------ Input records ------

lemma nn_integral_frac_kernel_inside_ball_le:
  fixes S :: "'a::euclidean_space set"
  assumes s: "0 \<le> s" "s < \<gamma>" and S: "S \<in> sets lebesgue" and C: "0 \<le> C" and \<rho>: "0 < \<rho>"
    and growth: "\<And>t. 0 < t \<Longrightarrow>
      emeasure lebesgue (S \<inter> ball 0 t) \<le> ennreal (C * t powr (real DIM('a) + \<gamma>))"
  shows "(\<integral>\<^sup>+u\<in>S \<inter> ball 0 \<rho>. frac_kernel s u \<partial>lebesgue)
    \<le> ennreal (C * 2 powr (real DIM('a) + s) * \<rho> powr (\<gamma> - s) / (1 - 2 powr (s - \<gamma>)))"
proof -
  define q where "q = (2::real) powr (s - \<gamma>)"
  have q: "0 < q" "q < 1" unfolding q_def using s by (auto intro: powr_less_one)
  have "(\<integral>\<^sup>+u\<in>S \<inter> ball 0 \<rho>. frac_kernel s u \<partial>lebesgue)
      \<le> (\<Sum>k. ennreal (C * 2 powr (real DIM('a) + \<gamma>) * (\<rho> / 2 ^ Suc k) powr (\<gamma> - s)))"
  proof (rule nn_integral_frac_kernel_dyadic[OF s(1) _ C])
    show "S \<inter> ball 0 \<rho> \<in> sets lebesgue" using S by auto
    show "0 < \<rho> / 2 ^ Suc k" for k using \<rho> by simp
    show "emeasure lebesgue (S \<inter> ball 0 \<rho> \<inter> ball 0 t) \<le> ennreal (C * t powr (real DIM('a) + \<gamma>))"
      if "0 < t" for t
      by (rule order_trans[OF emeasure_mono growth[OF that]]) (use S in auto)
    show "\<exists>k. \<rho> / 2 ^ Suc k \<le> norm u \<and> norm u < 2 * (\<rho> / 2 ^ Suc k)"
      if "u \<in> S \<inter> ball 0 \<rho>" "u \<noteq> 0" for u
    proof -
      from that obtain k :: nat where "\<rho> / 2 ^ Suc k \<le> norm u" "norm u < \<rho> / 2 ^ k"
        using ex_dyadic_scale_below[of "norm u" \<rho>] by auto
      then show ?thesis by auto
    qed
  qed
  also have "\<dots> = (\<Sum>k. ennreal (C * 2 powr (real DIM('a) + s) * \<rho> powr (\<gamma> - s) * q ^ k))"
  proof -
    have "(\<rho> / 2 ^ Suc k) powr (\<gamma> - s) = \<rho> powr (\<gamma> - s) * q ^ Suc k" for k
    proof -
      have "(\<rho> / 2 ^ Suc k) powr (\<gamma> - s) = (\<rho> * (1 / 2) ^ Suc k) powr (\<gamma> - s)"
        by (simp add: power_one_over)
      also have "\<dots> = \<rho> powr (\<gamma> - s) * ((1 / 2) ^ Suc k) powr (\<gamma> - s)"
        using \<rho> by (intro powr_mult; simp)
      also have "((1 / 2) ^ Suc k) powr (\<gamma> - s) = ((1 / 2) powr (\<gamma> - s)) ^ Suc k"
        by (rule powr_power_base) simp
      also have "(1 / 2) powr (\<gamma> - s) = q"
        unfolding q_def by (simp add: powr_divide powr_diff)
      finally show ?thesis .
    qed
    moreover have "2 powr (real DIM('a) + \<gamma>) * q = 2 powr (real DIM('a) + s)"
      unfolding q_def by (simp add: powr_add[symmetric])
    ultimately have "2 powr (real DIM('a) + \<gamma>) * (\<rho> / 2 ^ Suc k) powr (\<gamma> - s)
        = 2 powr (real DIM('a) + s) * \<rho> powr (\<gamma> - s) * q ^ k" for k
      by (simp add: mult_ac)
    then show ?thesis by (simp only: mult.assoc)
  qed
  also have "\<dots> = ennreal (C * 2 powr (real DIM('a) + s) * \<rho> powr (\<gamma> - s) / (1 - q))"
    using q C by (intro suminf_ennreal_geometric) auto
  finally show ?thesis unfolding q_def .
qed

------

◆ Work order ◆
Which lines hold the string "simp"? Copy all of them from the data above.

◆ Solution ◆
    show "0 < \<rho> / 2 ^ Suc k" for k using \<rho> by simp
        by (simp add: power_one_over)
        using \<rho> by (intro powr_mult; simp)
        by (rule powr_power_base) simp
        unfolding q_def by (simp add: powr_divide powr_diff)
      unfolding q_def by (simp add: powr_add[symmetric])
      by (simp add: mult_ac)
    then show ?thesis by (simp only: mult.assoc)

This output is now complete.